MoN18: Eighteenth Mathematics of Networks meeting

Francesco di Lauro (Sussex) Network inference from population-level observation of epidemics

The network paradigm is widely accepted as the gold standard in modelling complex systems such as epidemics spreading on networks or neuronal activity in the brain; however, in most cases, the exact nature of the network on which such dynamics unfold is unknown. This has motivated a significant amount of work on network infer- ence. Whilst a large body of work is concerned with inferring the network structure provided detailed node-level temporal data, in this work we attempt to tackle the more challenging scenario of inferring the family of the underlying network when only population-level incidence data are available.
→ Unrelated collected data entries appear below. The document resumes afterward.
text \<open>Row rank is at most column rank: the Gram matrix \<open>B B\<^sup>T\<close> of the selected rows
  \<open>B\<close> is nonsingular, so the \<open>K\<close> columns of \<open>A B\<^sup>T\<close> are independent, and they lie in
  the column space of \<open>A\<close>.\<close>

lemma card_le_rank_if_rows_indpt:
  fixes A :: "real mat"
  assumes A: "A \<in> carrier_mat n p" and \<sigma>: "\<And>t. t < K \<Longrightarrow> \<sigma> t < n"
    and indpt: "\<And>v. v \<in> carrier_vec K \<Longrightarrow>
      (\<And>x. x \<in> set (cols A) \<Longrightarrow> (\<Sum>t<K. v $ t * x $ \<sigma> t) = 0) \<Longrightarrow> v = 0\<^sub>v K"
  shows "K \<le> vec_space.rank n A"
proof -
  interpret vec_space "TYPE(real)" n .
  define B where "B = mat K p (\<lambda>(t, c). A $$ (\<sigma> t, c))"
  have B: "B \<in> carrier_mat K p" unfolding B_def by simp
  have M: "A * B\<^sup>T \<in> carrier_mat n K" using A B by simp
  have "rank (A * B\<^sup>T) = K"
  proof (rule rank_eq_dim_col_if_mult_inj[OF M])
    fix v assume v: "v \<in> carrier_vec K" and Mv: "(A * B\<^sup>T) *\<^sub>v v = 0\<^sub>v n"
    have "B *\<^sub>v (B\<^sup>T *\<^sub>v v) = 0\<^sub>v K"
    proof (rule eq_vecI)
      fix t assume "t < dim_vec (0\<^sub>v K)"
      then have t: "t < K" by simp
      have "row B t = row A (\<sigma> t)"
        using A \<sigma>[OF t] t by (intro eq_vecI) (auto simp: B_def)
      then have "(B *\<^sub>v (B\<^sup>T *\<^sub>v v)) $ t = (A *\<^sub>v (B\<^sup>T *\<^sub>v v)) $ \<sigma> t"
        using A B t \<sigma>[OF t] by simp
      also have "\<dots> = 0" using Mv A B v \<sigma>[OF t] by (simp flip: assoc_mult_mat_vec)
      finally show "(B *\<^sub>v (B\<^sup>T *\<^sub>v v)) $ t = 0\<^sub>v K $ t" using t by simp
    qed (use B in simp)
    then have BTv: "B\<^sup>T *\<^sub>v v = 0\<^sub>v p"
      using transpose_mult_vec_eq_0_if_gram[OF B v] by simp
    show "v = 0\<^sub>v K"
    proof (rule indpt[OF v])
      fix x assume "x \<in> set (cols A)"
      then obtain c where c: "c < p" "x = col A c" using A by (auto simp: in_set_conv_nth)
      have "(\<Sum>t<K. v $ t * x $ \<sigma> t) = (B\<^sup>T *\<^sub>v v) $ c"
        using A B v c \<sigma> by (auto simp: scalar_prod_def B_def lessThan_atLeast0 mult.commute
          intro!: sum.cong)
      then show "(\<Sum>t<K. v $ t * x $ \<sigma> t) = 0" using BTv c by simp
    qed
  qed
  moreover have "rank (A * B\<^sup>T) \<le> rank A" using rank_mult_le_left[OF A] B by simp
  ultimately show ?thesis by simp
qed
This is done by first approximating the SIS epidemic on a network by a Birth-Death process whose rates encode the structure of the network and disease dynamics. Using systematic and extensive simulations, we propose a parsimonious (three-parameter) model of these rates and show that different well-known network families map onto distinct regions of the parameter space of this model. Using kernel-density estimation, we construct priors for these families of networks. Then, given population-level temporal epidemic data, we employ Bayesian inference to derive a posterior distribution over these model parameters and identify the most likely network family. We believe that our framework generalises readily to many network families and spreading processes and that it could provide a new benchmark in network inference from population-level data.